(Provided data):
^^^^^^^^

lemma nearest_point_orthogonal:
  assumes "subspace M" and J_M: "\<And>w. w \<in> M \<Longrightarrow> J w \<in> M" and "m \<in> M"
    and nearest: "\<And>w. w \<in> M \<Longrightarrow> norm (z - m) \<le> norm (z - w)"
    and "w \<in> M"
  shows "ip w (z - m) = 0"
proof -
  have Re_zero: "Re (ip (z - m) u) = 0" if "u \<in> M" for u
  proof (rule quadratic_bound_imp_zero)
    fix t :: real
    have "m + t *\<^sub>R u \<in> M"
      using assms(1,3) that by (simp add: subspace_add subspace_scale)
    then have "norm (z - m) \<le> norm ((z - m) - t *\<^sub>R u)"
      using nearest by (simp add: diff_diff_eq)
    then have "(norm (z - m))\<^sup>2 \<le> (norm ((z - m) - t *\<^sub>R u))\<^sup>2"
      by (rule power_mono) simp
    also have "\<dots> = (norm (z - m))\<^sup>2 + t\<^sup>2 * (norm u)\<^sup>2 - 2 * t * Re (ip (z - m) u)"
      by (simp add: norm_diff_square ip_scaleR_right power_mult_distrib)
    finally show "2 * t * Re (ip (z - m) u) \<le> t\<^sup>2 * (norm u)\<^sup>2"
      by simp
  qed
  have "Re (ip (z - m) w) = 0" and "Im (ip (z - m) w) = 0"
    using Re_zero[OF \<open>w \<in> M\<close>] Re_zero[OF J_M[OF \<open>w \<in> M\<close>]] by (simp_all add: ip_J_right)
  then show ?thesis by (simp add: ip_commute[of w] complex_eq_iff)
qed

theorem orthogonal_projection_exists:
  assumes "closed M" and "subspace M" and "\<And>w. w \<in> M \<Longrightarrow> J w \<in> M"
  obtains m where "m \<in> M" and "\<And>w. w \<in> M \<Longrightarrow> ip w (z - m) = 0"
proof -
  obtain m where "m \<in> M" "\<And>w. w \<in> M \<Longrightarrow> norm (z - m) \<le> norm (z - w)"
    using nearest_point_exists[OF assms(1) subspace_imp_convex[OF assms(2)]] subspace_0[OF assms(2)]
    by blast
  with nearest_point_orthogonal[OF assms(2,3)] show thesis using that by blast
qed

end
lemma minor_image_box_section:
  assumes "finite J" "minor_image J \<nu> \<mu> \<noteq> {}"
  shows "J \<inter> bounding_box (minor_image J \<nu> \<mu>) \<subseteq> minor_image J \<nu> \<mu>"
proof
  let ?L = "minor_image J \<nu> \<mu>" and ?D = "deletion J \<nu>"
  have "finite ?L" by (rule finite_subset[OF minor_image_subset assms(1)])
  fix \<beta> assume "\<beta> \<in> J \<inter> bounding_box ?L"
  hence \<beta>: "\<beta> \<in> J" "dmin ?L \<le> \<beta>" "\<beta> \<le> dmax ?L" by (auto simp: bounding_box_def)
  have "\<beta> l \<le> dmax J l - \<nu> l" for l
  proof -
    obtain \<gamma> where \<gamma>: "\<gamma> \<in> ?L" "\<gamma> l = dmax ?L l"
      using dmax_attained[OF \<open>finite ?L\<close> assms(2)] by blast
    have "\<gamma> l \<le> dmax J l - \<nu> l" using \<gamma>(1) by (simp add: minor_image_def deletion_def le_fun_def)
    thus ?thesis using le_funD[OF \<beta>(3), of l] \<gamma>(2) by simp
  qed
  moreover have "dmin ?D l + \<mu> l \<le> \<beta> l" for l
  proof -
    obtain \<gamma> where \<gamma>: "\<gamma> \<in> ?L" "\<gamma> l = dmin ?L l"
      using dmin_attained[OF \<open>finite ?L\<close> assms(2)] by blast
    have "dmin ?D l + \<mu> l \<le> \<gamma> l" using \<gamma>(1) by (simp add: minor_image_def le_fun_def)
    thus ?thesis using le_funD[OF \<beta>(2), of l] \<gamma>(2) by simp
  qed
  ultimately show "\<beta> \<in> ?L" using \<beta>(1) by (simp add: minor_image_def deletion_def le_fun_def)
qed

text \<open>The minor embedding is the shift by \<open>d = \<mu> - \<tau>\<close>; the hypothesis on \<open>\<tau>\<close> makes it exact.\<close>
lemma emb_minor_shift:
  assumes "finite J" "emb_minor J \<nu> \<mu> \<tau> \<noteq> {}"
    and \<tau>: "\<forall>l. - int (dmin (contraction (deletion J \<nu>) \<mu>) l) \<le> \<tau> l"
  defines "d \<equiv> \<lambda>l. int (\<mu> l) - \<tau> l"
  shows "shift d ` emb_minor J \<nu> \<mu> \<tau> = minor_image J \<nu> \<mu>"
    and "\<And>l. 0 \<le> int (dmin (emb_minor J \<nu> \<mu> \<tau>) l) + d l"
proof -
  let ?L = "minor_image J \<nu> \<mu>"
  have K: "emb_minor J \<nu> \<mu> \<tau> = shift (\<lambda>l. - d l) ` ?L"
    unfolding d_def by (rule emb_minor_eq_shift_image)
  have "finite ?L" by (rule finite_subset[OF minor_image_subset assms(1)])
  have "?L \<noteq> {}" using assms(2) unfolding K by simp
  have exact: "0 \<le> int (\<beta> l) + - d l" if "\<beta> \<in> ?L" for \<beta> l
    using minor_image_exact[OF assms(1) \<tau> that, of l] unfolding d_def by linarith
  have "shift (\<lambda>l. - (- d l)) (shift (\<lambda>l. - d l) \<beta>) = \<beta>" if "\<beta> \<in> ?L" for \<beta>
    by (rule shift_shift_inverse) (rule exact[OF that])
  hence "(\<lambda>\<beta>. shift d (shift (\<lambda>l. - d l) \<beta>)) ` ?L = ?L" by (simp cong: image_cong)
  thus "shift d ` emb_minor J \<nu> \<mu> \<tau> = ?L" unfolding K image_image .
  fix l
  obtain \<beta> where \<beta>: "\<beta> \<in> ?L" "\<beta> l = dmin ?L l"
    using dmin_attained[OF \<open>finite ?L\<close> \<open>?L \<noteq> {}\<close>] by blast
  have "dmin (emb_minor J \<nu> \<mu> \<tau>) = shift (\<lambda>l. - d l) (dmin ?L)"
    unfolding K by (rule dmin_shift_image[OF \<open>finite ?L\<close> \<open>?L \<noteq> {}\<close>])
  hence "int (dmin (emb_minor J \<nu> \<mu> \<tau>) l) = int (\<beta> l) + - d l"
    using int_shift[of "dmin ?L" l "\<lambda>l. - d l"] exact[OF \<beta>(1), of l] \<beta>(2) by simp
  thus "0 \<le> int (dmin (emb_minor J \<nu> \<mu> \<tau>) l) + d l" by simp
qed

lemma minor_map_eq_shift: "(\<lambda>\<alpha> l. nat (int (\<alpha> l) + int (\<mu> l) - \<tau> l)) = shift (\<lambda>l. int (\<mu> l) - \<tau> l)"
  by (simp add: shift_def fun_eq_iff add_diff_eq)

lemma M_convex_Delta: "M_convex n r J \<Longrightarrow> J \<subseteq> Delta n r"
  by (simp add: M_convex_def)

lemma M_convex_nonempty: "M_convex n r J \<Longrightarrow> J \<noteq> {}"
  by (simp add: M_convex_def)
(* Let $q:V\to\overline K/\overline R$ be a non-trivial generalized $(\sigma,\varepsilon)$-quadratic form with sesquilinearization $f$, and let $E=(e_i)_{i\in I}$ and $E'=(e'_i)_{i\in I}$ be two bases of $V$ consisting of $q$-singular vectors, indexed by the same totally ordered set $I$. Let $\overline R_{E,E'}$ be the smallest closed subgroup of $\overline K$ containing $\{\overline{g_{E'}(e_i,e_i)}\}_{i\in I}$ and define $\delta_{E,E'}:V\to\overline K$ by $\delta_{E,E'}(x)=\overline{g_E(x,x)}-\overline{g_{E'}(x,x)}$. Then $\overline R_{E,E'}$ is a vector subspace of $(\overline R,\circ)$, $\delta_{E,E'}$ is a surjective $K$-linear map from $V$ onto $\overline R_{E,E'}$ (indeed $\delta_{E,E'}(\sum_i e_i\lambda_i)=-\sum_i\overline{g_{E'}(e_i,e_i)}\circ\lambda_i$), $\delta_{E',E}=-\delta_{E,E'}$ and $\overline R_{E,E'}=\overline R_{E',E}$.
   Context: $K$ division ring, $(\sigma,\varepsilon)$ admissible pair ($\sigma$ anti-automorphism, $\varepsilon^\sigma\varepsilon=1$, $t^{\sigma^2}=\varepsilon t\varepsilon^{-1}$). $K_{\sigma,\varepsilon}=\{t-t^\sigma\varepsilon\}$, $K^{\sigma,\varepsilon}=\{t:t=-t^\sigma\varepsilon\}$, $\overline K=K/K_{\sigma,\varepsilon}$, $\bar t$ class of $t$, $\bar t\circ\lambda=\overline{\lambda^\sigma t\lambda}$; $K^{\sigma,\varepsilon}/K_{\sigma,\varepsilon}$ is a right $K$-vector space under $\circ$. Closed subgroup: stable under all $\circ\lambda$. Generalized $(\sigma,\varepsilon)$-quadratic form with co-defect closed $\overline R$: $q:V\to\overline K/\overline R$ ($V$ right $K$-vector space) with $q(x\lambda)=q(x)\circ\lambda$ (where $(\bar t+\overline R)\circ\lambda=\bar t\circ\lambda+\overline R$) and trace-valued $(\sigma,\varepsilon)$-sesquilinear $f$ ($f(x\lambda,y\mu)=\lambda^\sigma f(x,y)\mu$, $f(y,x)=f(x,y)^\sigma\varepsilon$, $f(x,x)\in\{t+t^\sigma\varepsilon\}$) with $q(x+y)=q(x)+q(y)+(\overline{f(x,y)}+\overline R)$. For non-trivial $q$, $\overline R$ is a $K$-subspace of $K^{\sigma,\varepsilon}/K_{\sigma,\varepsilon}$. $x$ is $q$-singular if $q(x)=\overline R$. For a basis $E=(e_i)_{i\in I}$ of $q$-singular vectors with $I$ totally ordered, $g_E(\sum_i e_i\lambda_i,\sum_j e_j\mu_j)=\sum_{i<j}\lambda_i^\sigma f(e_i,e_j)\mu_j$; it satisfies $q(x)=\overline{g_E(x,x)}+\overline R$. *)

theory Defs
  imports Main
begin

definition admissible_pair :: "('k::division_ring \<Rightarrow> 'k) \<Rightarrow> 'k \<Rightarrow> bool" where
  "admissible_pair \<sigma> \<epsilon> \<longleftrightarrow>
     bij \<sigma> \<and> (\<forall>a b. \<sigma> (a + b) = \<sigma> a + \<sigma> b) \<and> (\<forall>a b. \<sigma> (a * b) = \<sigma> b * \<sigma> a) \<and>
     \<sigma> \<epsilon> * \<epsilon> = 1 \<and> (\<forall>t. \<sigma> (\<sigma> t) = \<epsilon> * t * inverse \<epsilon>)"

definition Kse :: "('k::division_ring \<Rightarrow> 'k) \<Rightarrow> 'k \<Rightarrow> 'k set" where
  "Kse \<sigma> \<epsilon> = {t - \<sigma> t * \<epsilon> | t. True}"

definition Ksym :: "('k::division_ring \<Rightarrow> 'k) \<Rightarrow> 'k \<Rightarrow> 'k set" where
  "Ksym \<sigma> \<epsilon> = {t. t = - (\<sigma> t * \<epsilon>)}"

^^^^^^^^

(Try it):
Pull every line containing "Longrightarrow" from the material above.

(Your response):
  assumes "subspace M" and J_M: "\<And>w. w \<in> M \<Longrightarrow> J w \<in> M" and "m \<in> M"
    and nearest: "\<And>w. w \<in> M \<Longrightarrow> norm (z - m) \<le> norm (z - w)"
  assumes "closed M" and "subspace M" and "\<And>w. w \<in> M \<Longrightarrow> J w \<in> M"
  obtains m where "m \<in> M" and "\<And>w. w \<in> M \<Longrightarrow> ip w (z - m) = 0"
  obtain m where "m \<in> M" "\<And>w. w \<in> M \<Longrightarrow> norm (z - m) \<le> norm (z - w)"
lemma M_convex_Delta: "M_convex n r J \<Longrightarrow> J \<subseteq> Delta n r"
lemma M_convex_nonempty: "M_convex n r J \<Longrightarrow> J \<noteq> {}"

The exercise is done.